I have multiple gmail accounts (personal and GAFE) and have been using multiple users in chrome.  This allows me to not have to worry about logging in/out each time I want to switch which account I use.  I had seen people who have logged in using "incognito" before, but didn't understand why I would want to use it.  

Many times when I am testing out webpages or documents that have created, I need to make sure that it will work for the public or people not in my GAFE network.  If I log in using Incognito, I can check all of this.  The shortcut key to switch over to incognito is Command+shift+n.

Thank you Kevin for a great workshop!  I enjoyed learning these new tips and tricks.

Awesome Cross Curricular Projects with Docs and Drive
I chose John Steven's cross-curricular session for my second workshop.  I have always wanted to work with teachers outside of my curriculum area to create a project, but it hasn't been easy at my school.  We don't have any provided time to work across subject areas.  I loved that John provided this opportunity for us today.

I paired up with a math teacher, Andrew Hyland, and another biology teacher, Thomas Safford, today.  We wanted to plan an intro unit on graphing.  After discussing the different types of biology labs we do that requiring graphing, we discovered that our ecology/population lab with exponential graphing matches up perfectly with the time of year the Algebra teachers generally teach graphing quadratic equations.  

We created a multi-day lesson where the bio teachers would teach about population growth at the same time that the Algebra teachers are teaching graphing quadratic equations.  It is still a work in progress - but I have a concrete example/idea that I can use when approaching the Algebra teachers at my school about collaborating.  I can't wait to see if any of the teachers at my school are interested.  

During the workshop I was listening in on another project that Brandon Dorman was working on.  He was trying to find a way to give students a template for a presentation that included his comments about what he expected of them for each section, sort of like a rubric.  He wanted it in front of the students as they presented.  I recommended that he create a google presentation, and put his comments in the notes section.  Then students could see the notes as they presented.  Brandon tested it out, and it did what he wanted when the presentation was shared with others.  The coolest part, was that Brandon tried to send out the presentation template using Doctopus.  He discovered that Doctopus can send out presentations to students, not just documents!  That is something that I will definitely use in my classes next year.

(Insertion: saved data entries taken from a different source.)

lemma normal_form_if_lex_maximal:
  assumes "\<forall>w'. trace_eq w w' \<longrightarrow> \<not> lex_less w w'"
  shows "normal_form w"
proof (rule ccontr)
  assume "\<not> normal_form w"
  then obtain p a b s where w: "w = p @ [a, b] @ s" and "\<not> good_pair a b"
    unfolding normal_form_iff_successively using not_successively_split by blast
  then have "commute a b" "rank a < rank b" unfolding good_pair_iff by auto
  then have "(w, p @ [b, a] @ s) \<in> swap_step" "lex_less w (p @ [b, a] @ s)"
    unfolding w swap_step_def lex_less_def letter_less_def
    by (blast, intro lexord_append_leftI, simp)
  with assms show False using swap_step_imp_trace_eq by blast
qed

lemma finite_has_lex_maximal:
  assumes "finite S" "x \<in> S"
  shows "\<exists>z\<in>S. \<forall>y\<in>S. \<not> lex_less z y"
proof -
  define R where "R = {(z, y). z \<in> S \<and> y \<in> S \<and> lex_less z y}"
  have "finite R"
    using assms(1) by (intro finite_subset[of R "S \<times> S"]) (auto simp: R_def)
  moreover have "trans R" "irrefl R"
    unfolding R_def trans_def irrefl_def using lex_less_trans lex_less_irrefl by blast+
  then have "acyclic R"
    by (simp add: acyclic_irrefl trancl_id)
  ultimately have "wf (R\<inverse>)"
    by (rule finite_acyclic_wf_converse)
  then obtain z where "z \<in> S" "\<And>y. (y, z) \<in> R\<inverse> \<Longrightarrow> y \<notin> S"
    using wfE_min assms(2) by metis
  then show ?thesis unfolding R_def by blast
qed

John will be tweeting out a website with all of the lessons created during his sessions today. I am excited to see all of the final lessons.

Next Steps
I learned a lot of great new things today and needed to spend the time writing this really long blog tonight to process and remember all that I learned.  Hopefully there aren't too many typos or errors - I'm getting tired and don't want to proof it again....  If you have read this far, hopefully you can use some of these tips in your classes too.  I am excited for the next two days and now need to figure out what sessions I will attend tomorrow.


  1. Wow, that's a detailed reflection of day 1! I'm happy that you found it useful and it was so great learning from you as well. The folder is going live soon.

  2. I'm not at #cuerockstar but I feel like was. Thanks Melissa!

  3. Great reflections, Melissa. I love how specific you were (especially including the screen shots) about what you took away from today's fantastic sessions. I am VERY excited by the lesson idea you, Andrew, and Thomas came up with!

    1. Thanks Diane. I am hoping the math teachers at my school will want to work w/ me on this cross-curricular project. And writing this post out now, with all the screenshots will help me remember all that I learned. There are so many great things being shared at CUE Rockstar. :)
      And by writing it all out, hopefully can help others at my school and whoever happens to stumble across my blog learn new things that they can implement right away.

  4. Thanks for this awesome and detailed writeup!